_Exercise brief_
Report each line of the listing that carries the word "langle".
────────
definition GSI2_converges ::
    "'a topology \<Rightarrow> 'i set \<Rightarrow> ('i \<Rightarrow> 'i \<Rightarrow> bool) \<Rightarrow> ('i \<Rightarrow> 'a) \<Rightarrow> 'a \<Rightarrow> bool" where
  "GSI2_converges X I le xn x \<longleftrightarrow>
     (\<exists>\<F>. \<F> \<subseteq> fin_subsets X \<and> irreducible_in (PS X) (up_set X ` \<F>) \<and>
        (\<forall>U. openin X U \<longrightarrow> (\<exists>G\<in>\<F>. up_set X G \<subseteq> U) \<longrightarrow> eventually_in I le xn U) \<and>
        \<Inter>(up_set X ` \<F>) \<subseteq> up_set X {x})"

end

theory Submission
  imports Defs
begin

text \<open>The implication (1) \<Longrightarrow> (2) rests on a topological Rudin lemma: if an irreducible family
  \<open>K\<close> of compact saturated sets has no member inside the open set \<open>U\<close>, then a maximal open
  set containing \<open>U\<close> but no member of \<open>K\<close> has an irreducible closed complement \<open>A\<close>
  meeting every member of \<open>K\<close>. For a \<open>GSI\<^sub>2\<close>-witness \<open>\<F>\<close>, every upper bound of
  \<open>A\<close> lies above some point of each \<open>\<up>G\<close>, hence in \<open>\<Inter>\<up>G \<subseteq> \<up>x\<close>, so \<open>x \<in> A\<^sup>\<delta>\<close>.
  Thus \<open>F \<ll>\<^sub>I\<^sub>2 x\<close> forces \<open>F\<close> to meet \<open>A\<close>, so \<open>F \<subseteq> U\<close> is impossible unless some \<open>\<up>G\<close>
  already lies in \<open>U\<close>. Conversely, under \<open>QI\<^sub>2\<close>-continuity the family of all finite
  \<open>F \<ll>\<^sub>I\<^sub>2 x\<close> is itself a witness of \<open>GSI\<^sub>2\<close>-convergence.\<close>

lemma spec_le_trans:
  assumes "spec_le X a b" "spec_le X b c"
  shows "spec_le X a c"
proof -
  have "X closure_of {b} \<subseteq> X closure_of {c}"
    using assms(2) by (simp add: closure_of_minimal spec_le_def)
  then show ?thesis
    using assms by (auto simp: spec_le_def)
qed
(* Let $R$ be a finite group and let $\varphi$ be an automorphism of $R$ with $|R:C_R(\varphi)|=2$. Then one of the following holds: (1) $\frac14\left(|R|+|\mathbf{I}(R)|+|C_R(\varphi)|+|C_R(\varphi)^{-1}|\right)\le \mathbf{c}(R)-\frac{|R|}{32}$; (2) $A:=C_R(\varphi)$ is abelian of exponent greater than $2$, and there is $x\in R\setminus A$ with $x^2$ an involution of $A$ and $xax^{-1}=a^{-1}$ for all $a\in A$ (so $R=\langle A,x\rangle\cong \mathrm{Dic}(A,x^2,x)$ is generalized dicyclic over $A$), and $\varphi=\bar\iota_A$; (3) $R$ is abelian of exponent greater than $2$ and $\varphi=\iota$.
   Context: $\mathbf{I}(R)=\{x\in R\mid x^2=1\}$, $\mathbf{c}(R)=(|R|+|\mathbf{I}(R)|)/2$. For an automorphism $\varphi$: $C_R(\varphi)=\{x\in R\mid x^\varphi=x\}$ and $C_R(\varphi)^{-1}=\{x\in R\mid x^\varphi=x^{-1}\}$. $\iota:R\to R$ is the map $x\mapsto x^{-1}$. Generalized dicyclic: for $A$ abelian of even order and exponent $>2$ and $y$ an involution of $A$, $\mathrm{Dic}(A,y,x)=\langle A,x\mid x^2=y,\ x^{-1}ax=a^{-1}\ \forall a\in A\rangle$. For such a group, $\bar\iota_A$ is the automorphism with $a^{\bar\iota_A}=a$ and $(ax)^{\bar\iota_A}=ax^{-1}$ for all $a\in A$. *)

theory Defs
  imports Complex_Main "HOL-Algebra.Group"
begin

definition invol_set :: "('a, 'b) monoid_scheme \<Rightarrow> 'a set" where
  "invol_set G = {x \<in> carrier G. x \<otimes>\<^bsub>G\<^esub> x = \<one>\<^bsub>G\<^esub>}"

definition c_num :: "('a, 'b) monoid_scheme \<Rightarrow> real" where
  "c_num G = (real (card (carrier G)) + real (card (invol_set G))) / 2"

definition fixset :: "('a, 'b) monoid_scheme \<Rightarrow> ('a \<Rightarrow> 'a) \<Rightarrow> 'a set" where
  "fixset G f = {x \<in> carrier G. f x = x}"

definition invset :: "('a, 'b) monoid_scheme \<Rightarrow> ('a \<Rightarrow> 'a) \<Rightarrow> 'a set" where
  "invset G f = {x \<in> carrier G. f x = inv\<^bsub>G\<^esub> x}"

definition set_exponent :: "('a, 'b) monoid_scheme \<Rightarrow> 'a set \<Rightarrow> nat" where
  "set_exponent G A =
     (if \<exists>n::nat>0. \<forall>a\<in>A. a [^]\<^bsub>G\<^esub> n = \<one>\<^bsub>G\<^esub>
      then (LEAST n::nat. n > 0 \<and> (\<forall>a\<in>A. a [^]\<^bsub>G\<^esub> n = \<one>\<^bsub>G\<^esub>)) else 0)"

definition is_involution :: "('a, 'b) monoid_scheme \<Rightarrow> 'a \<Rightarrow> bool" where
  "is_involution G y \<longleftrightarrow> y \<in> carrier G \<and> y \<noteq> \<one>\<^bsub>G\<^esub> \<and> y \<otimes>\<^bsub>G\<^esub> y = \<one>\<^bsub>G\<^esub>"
────────
_The answer_
(* Let $R$ be a finite group and let $\varphi$ be an automorphism of $R$ with $|R:C_R(\varphi)|=2$. Then one of the following holds: (1) $\frac14\left(|R|+|\mathbf{I}(R)|+|C_R(\varphi)|+|C_R(\varphi)^{-1}|\right)\le \mathbf{c}(R)-\frac{|R|}{32}$; (2) $A:=C_R(\varphi)$ is abelian of exponent greater than $2$, and there is $x\in R\setminus A$ with $x^2$ an involution of $A$ and $xax^{-1}=a^{-1}$ for all $a\in A$ (so $R=\langle A,x\rangle\cong \mathrm{Dic}(A,x^2,x)$ is generalized dicyclic over $A$), and $\varphi=\bar\iota_A$; (3) $R$ is abelian of exponent greater than $2$ and $\varphi=\iota$.
   Context: $\mathbf{I}(R)=\{x\in R\mid x^2=1\}$, $\mathbf{c}(R)=(|R|+|\mathbf{I}(R)|)/2$. For an automorphism $\varphi$: $C_R(\varphi)=\{x\in R\mid x^\varphi=x\}$ and $C_R(\varphi)^{-1}=\{x\in R\mid x^\varphi=x^{-1}\}$. $\iota:R\to R$ is the map $x\mapsto x^{-1}$. Generalized dicyclic: for $A$ abelian of even order and exponent $>2$ and $y$ an involution of $A$, $\mathrm{Dic}(A,y,x)=\langle A,x\mid x^2=y,\ x^{-1}ax=a^{-1}\ \forall a\in A\rangle$. For such a group, $\bar\iota_A$ is the automorphism with $a^{\bar\iota_A}=a$ and $(ax)^{\bar\iota_A}=ax^{-1}$ for all $a\in A$. *)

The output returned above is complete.